We, too, are at a loss to describe the relationship other than in terms of employment. It seems apparent that, had respondent been employed on a regular road gang, and had he been paid by warrant on *Page 650 the current expense fund, his right to compensation would not have been questioned. But the statute makes no such distinction, nor does it empower the department to do so. It is no concern of the department, under our workmen's compensation act, as to how the workman is paid — whether it be by cash, warrant, scrip or supplies. It is sufficient to create the relationship of employer and employee, within the purview of the act, if the county be engaged in extrahazardous work and the worker be engaged, for compensation in the performance of such work, by someone authorized by the county to hire him.
It is suggested by appellant that the case of Thurston CountyChapter, American Nat'l Red Cross v.
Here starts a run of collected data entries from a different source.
lemma lift_mor_eq:
  assumes "f \<in> Mor T"
  shows "lift_mor T t \<phi> f = (lift_ob T t \<phi> (Dom T f), lift_ob T t \<phi> (Cod T f), snd (snd (snd \<phi> f)))"
  using assms by (simp add: lift_mor_def)

context
  fixes n :: nat and T :: "('o, 'm, 'e) relcat_scheme" and t :: 'o and X :: "'x ssset"
    and Fo :: "'o \<Rightarrow> 'x dobj" and Fm :: "'m \<Rightarrow> 'x dmorph" and p :: "nat list" and x :: 'x
  assumes T: "is_relcat n T" and t: "is_terminal T t"
    and F: "(Fo, Fm) \<in> relmaps n T (delta_rel n X)" and F_t: "Fo t = (p, x)"
begin

lemma lift_ob:
  assumes a: "a \<in> Ob T"
  shows "lift_ob T t (Fo, Fm) a \<in> Ob (delta_rel n (yoneda n p))"
    and "fst (drel_fun (\<lambda>q \<beta>. act X q p \<beta> x)) (lift_ob T t (Fo, Fm) a) = Fo a"
proof -
  let ?u = "terminal_arrow T t a"
  have u: "?u \<in> Mor T" "Dom T ?u = a" "Cod T ?u = t"
    using terminal_arrow[OF t a] by auto
  have "Fm ?u \<in> Mor (delta_rel n X)" "Fm ?u = (Fo a, (p, x), snd (snd (Fm ?u)))"
    using relmaps_Mor[OF F u(1)] relmaps_delta_rel_Mor_eq[OF F u(1)] by (simp_all add: u F_t)
  then have "((fst (Fo a), snd (Fo a)), (p, x), snd (snd (Fm ?u))) \<in> Mor (delta_rel n X)"
    by simp
  then show "lift_ob T t (Fo, Fm) a \<in> Ob (delta_rel n (yoneda n p))"
    and "fst (drel_fun (\<lambda>q \<beta>. act X q p \<beta> x)) (lift_ob T t (Fo, Fm) a) = Fo a"
    unfolding delta_rel_Mor_iff using a
    by (simp_all add: lift_ob_def delta_rel_simps yoneda_simps drel_fun_apply)
qed

lemma terminal_arrow_operator_dcomp:
  assumes f: "f \<in> Mor T"
  shows "snd (snd (Fm (terminal_arrow T t (Dom T f)))) =
    dcomp (snd (snd (Fm (terminal_arrow T t (Cod T f))))) (snd (snd (Fm f)))"
proof -
  let ?u = "terminal_arrow T t"
  have ob: "Dom T f \<in> Ob T" "Cod T f \<in> Ob T" using relcat_Dom_Cod[OF T f] by auto
  note u_Cod = terminal_arrow[OF t ob(2)]
  have "Comp T (?u (Cod T f)) f = ?u (Dom T f)"
    using relcat_Comp[OF T f u_Cod(1)] u_Cod by (intro terminal_arrow_unique[OF t ob(1)]) auto
  then have "Fm (?u (Dom T f)) = Comp (delta_rel n X) (Fm (?u (Cod T f))) (Fm f)"
    using relmaps_Comp[OF F f u_Cod(1)] u_Cod by simp
  then show ?thesis by (simp add: delta_rel_simps)
qed

lemma lift_mor_Mor:
  assumes f: "f \<in> Mor T"
  shows "lift_mor T t (Fo, Fm) f \<in> Mor (delta_rel n (yoneda n p))"
proof -
  have ob: "Dom T f \<in> Ob T" "Cod T f \<in> Ob T" using relcat_Dom_Cod[OF T f] by auto
  have "Fm f \<in> Mor (delta_rel n X)" "Fm f = (Fo (Dom T f), Fo (Cod T f), snd (snd (Fm f)))"
    using relmaps_Mor[OF F f] relmaps_delta_rel_Mor_eq[OF F f] by simp_all
  then have "dmor n (fst (Fo (Dom T f))) (fst (Fo (Cod T f))) (snd (snd (Fm f)))"
    by (metis delta_rel_Mor_iff prod.collapse)
  then show ?thesis
    using lift_ob(1)[OF ob(1)] lift_ob(1)[OF ob(2)] terminal_arrow_operator_dcomp[OF f]
    by (auto simp: lift_mor_eq[OF f] lift_ob_def ob delta_rel_Mor_iff delta_rel_simps yoneda_simps)
qed

lemma lift_in_relmaps:
  "(lift_ob T t (Fo, Fm), lift_mor T t (Fo, Fm)) \<in> relmaps n T (delta_rel n (yoneda n p))"
  unfolding relmaps_def mem_Collect_eq prod.case
proof (intro conjI ballI allI impI)
  fix a assume a: "a \<in> Ob T"
  then show "lift_ob T t (Fo, Fm) a \<in> Ob (delta_rel n (yoneda n p))" by (rule lift_ob)
  have "Id T a \<in> Mor T" "Dom T (Id T a) = a" "Cod T (Id T a) = a" using relcat_Id[OF T a] by auto
  then show "lift_mor T t (Fo, Fm) (Id T a) = Id (delta_rel n (yoneda n p)) (lift_ob T t (Fo, Fm) a)"
    using relmaps_Id[OF F a] by (simp add: lift_mor_eq lift_ob_fst[OF a] delta_rel_simps)
next
  fix f g assume fg: "f \<in> Mor T" "g \<in> Mor T" "Cod T f = Dom T g"
  then show "lift_mor T t (Fo, Fm) (Comp T g f) =
      Comp (delta_rel n (yoneda n p)) (lift_mor T t (Fo, Fm) g) (lift_mor T t (Fo, Fm) f)"
    using relcat_Comp[OF T fg] relmaps_Comp[OF F fg] by (simp add: lift_mor_eq delta_rel_simps)
next
  fix i f assume i: "i \<in> {1..n}" and f: "f \<in> V T i"
  then have "f \<in> Mor T" using relcat_V_Mor[OF T] by blast
  then show "lift_mor T t (Fo, Fm) f \<in> V (delta_rel n (yoneda n p)) i"
    using relmaps_V[OF F i f] lift_mor_Mor relcat_Dom_Cod[OF T]
    by (simp add: delta_rel_V lift_mor_eq lift_ob_fst relmaps_delta_rel_endpoints[OF F])
next
  fix f assume f: "f \<in> W T"
  then have "f \<in> Mor T" using relcat_W_Mor[OF T] by blast
  then show "lift_mor T t (Fo, Fm) f \<in> W (delta_rel n (yoneda n p))"
    using relmaps_W[OF F f] lift_mor_Mor relcat_Dom_Cod[OF T]
    by (simp add: delta_rel_W lift_mor_eq lift_ob_fst relmaps_delta_rel_endpoints[OF F])
next
  fix f assume f: "f \<in> Mor T"
  show "lift_mor T t (Fo, Fm) f \<in> Mor (delta_rel n (yoneda n p))"
    and "Dom (delta_rel n (yoneda n p)) (lift_mor T t (Fo, Fm) f) = lift_ob T t (Fo, Fm) (Dom T f)"
    and "Cod (delta_rel n (yoneda n p)) (lift_mor T t (Fo, Fm) f) = lift_ob T t (Fo, Fm) (Cod T f)"
    by (rule lift_mor_Mor[OF f]) (simp_all add: lift_mor_eq[OF f] delta_rel_simps)
qed (simp_all add: lift_ob_def lift_mor_def)

lemma terminal_lift_in_colim_elems: "terminal_lift T t (Fo, Fm) \<in> colim_elems n T X"
proof -
  have "t \<in> Ob T" using t by (simp add: is_terminal_def)
  then have "midx n p" "x \<in> Xs X p"
    using relmaps_Ob[OF F] F_t by (force simp: delta_rel_simps)+
  then show ?thesis
    using lift_in_relmaps by (simp add: terminal_lift_def F_t colim_elems_def)
qed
Department of Labor andIndustries, 166 Wn. 488, 7 P.2d 577, is of some controlling force here. We do not so read it. That case simply holds (a) that a charitable organization such as the Red Cross was not an employer within the terms of the workmen's compensation act, and (b) that the workmen involved in that controversy were employees of the Red Cross chapter, and not employees of Thurston county.
Judgment affirmed.
MILLARD, C.J., MAIN, MITCHELL, and HOLCOMB, JJ., concur.
GERAGHTY, J., concurs in the result.